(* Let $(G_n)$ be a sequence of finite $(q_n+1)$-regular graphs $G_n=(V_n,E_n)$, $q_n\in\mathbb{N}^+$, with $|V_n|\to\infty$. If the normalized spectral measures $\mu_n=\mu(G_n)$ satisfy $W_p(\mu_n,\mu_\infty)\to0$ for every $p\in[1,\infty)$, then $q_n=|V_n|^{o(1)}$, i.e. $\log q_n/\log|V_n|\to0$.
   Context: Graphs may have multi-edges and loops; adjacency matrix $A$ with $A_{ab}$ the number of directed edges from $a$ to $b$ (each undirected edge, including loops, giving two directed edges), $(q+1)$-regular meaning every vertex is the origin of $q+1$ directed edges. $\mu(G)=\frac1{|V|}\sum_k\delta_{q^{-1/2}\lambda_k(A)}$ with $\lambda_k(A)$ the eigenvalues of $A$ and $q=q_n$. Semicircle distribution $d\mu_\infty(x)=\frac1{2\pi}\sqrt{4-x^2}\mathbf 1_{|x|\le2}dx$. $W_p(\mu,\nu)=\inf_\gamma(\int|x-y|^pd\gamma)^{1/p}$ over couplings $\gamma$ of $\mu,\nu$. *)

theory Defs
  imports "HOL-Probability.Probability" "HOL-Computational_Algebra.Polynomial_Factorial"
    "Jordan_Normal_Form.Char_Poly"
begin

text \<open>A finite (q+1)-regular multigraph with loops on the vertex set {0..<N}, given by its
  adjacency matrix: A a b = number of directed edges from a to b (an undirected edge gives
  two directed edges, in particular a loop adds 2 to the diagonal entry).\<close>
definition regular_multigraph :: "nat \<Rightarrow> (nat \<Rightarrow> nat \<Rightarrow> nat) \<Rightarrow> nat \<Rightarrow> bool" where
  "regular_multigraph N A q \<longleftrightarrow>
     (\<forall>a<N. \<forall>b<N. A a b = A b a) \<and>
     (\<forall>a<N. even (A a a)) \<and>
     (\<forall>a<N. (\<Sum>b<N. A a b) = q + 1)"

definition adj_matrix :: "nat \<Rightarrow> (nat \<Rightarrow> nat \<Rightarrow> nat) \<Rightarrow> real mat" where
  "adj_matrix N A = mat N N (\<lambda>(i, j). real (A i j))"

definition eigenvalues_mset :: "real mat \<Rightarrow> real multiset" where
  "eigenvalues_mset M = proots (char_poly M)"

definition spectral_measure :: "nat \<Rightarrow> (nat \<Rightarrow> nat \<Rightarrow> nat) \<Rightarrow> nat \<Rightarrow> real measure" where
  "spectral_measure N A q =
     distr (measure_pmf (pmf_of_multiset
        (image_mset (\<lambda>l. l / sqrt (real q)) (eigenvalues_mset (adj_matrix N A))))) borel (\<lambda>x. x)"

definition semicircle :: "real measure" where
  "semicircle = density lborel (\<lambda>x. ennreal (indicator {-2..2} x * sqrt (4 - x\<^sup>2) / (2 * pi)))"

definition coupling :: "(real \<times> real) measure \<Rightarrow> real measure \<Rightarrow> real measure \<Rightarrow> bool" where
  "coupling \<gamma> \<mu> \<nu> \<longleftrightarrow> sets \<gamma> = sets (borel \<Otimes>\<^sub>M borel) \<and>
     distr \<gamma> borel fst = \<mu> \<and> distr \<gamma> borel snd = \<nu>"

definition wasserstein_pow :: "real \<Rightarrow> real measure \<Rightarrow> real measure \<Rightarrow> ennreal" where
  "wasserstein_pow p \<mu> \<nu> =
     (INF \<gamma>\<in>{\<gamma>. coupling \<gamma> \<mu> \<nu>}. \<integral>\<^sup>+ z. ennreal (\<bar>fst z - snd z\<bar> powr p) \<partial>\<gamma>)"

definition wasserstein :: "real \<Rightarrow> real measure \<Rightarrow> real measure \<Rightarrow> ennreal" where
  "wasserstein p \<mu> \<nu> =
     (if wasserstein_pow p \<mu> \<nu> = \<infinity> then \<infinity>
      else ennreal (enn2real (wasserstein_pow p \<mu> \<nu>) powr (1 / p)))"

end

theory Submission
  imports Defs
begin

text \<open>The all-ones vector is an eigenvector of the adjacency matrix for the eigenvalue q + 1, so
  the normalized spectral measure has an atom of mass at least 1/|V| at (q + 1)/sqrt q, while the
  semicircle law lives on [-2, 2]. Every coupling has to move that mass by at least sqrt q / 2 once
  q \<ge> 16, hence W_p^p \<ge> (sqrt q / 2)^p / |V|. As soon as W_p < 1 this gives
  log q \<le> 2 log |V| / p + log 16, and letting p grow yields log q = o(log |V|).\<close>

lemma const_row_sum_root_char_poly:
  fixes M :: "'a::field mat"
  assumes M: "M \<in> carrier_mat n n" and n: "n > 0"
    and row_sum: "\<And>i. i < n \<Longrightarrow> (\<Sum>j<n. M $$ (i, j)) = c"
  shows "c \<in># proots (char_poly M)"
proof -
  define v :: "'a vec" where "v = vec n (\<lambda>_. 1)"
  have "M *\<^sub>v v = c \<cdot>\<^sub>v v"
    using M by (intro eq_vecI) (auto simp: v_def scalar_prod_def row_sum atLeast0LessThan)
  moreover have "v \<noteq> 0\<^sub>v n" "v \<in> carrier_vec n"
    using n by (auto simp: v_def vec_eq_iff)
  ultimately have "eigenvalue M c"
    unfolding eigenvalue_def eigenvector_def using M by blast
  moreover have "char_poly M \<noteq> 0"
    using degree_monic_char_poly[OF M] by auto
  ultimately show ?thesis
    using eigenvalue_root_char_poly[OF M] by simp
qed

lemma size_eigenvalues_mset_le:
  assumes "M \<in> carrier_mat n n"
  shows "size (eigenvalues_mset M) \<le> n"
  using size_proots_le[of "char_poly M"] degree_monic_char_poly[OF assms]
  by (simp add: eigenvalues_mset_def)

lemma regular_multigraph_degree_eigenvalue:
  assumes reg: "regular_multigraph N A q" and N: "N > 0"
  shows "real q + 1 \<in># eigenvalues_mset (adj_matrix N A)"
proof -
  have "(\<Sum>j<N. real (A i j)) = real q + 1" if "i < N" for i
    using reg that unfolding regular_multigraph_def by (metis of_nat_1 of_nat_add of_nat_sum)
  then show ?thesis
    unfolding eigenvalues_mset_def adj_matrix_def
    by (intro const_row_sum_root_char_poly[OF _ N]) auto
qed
::::::
Exercise instructions: Extract each line from the entries above that contains the string "close".

Response box:
  two directed edges, in particular a loop adds 2 to the diagonal entry).\<close>
  log q \<le> 2 log |V| / p + log 16, and letting p grow yields log q = o(log |V|).\<close>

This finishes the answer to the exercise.